◆ WHAT YOU HAVE TO DO ◆
Below is some material. Set down exactly the line where "using assms(4) amenable_shift_iff[OF" appears and all lines after it, and stop at the last line.

◆ EXERCISE MATERIAL ◆
lemma down_closed_compression:
  fixes a b g :: nat and D :: "nat set"
  defines "S \<equiv> interval_semigroup a b" and "n \<equiv> a + b - 1"
  assumes "0 < a + b" "finite D" "0 \<in> D" "down_closed S D" "g \<le> n" "g \<notin> D"
  shows "\<exists>T. finite T \<and> card T = card D \<and> 0 \<in> T \<and> down_closed S T
             \<and> n \<notin> T \<and> card {i \<in> T. i \<le> n} \<le> card {i \<in> D. i \<le> n}"
proof -
  define j where "j = card {i \<in> D. i \<le> n}"
  define A where "A = avoid_set S {j..n}"
  have "j \<le> n" unfolding j_def using card_le_if_gap assms(7,8) by blast
  have "0 < j" unfolding j_def using assms(5) by (auto simp: card_gt_0_iff)
  obtain K where "\<forall>x\<in>D. x < K" using assms(4) finite_nat_set_iff_bounded by blast
  moreover have "K \<le> K * (a + b)" using assms(3) by (simp add: Suc_le_eq)
  ultimately have "{x \<in> D. x < K * (a + b)} = D" by (auto intro: less_le_trans)
  moreover have "card {x \<in> D. x < K * (a + b)} \<le> card {x \<in> A. x < K * (a + b)}"
    unfolding A_def j_def S_def n_def
    by (rule card_less_le_avoid_set) (use assms(6-8) in \<open>simp_all add: S_def n_def\<close>)
  ultimately have "card D \<le> card {x \<in> A. x < K * (a + b)}" by simp
  then obtain L where L: "card {x \<in> A. x < L} = card D" using card_less_attains by blast
  define T where "T = {x \<in> A. x < L}"
  have "0 < card D" using assms(4,5) by (auto simp: card_gt_0_iff)
  then have "0 < L" using L by (intro Nat.gr0I) simp
  have below_j: "i < j" if "i \<in> T" "i \<le> n" for i
    using avoid_set_le_less[of i S j n] zero_in_interval_semigroup that
    unfolding T_def A_def S_def by blast
  show ?thesis
  proof (intro exI conjI)
    show "finite T" "card T = card D" using L by (simp_all add: T_def)
    show "0 \<in> T" using \<open>0 < L\<close> \<open>0 < j\<close> by (simp add: T_def A_def avoid_set_def)
    show "down_closed S T"
      unfolding T_def A_def S_def by (intro down_closed_less down_closed_avoid_set interval_semigroup_add)
    show "n \<notin> T" using below_j[of n] \<open>j \<le> n\<close> by auto
    have "{i \<in> T. i \<le> n} \<subseteq> {..<j}" using below_j by blast
    then have "card {i \<in> T. i \<le> n} \<le> card {..<j}" by (rule card_mono[rotated]) simp
    then show "card {i \<in> T. i \<le> n} \<le> card {i \<in> D. i \<le> n}" by (simp add: j_def)
  qed
qed

theorem proposition4p24:
  fixes a b m r :: nat and M :: "nat set"
  assumes "0 < b" and "b < a"
    and "2 * conductor (interval_semigroup a b) \<le> m + 1"
    and "amenable (interval_semigroup a b) m r M"
    and "shadow m a b M \<noteq> ground m a b"
  shows "\<exists>N. amenable (interval_semigroup a b) m r N
           \<and> m + a + b - 1 \<notin> shadow m a b N
           \<and> card (shadow m a b N) \<le> card (shadow m a b M)"
proof -
  let ?S = "interval_semigroup a b" and ?n = "a + b - 1"
  have ab: "0 < a + b" "m + a + b - 1 = m + ?n" using assms(1) by simp_all
  have "conductor ?S \<le> m" using assms(3) by linarith
  then have above: "\<forall>n\<ge>m. n \<in> ?S"
    using mem_if_conductor_le interval_semigroup_ge_square[OF assms(1)] by (meson le_trans)
  define D where "D = {y. m + y \<in> M}"
  have M: "M = (+) m ` D"
    unfolding D_def using assms(4) by (intro image_shift_collect) (simp add: amenable_def)
  then have D: "finite D" "card D = r" "0 \<in> D" "down_closed ?S D"
    using assms(4) amenable_shift_iff[OF above assms(3)] by simp_all
  obtain g where "g \<le> ?n" "g \<notin> D"
    using assms(5) unfolding M shadow_shift[OF ab(1)] ground_eq_image[OF ab(1)] by blast
  then obtain T where T: "finite T" "card T = card D" "0 \<in> T" "down_closed ?S T" "?n \<notin> T"
      "card {i \<in> T. i \<le> ?n} \<le> card {i \<in> D. i \<le> ?n}"
    using down_closed_compression[OF ab(1) D(1,3,4)] by blast
  show ?thesis
  proof (intro exI conjI)
    show "amenable ?S m r ((+) m ` T)" using T D amenable_shift_iff[OF above assms(3)] by simp
    show "m + a + b - 1 \<notin> shadow m a b ((+) m ` T)"
      unfolding ab(2) shadow_shift[OF ab(1)] using T(5) by auto
    show "card (shadow m a b ((+) m ` T)) \<le> card (shadow m a b M)"
      unfolding M shadow_shift[OF ab(1)] using T(6) by (simp add: card_image)
  qed
qed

◆ PROBLEM SOLUTION ◆
    using assms(4) amenable_shift_iff[OF above assms(3)] by simp_all
  obtain g where "g \<le> ?n" "g \<notin> D"
    using assms(5) unfolding M shadow_shift[OF ab(1)] ground_eq_image[OF ab(1)] by blast
  then obtain T where T: "finite T" "card T = card D" "0 \<in> T" "down_closed ?S T" "?n \<notin> T"
      "card {i \<in> T. i \<le> ?n} \<le> card {i \<in> D. i \<le> ?n}"
    using down_closed_compression[OF ab(1) D(1,3,4)] by blast
  show ?thesis
  proof (intro exI conjI)
    show "amenable ?S m r ((+) m ` T)" using T D amenable_shift_iff[OF above assms(3)] by simp
    show "m + a + b - 1 \<notin> shadow m a b ((+) m ` T)"
      unfolding ab(2) shadow_shift[OF ab(1)] using T(5) by auto
    show "card (shadow m a b ((+) m ` T)) \<le> card (shadow m a b M)"
      unfolding M shadow_shift[OF ab(1)] using T(6) by (simp add: card_image)
  qed
qed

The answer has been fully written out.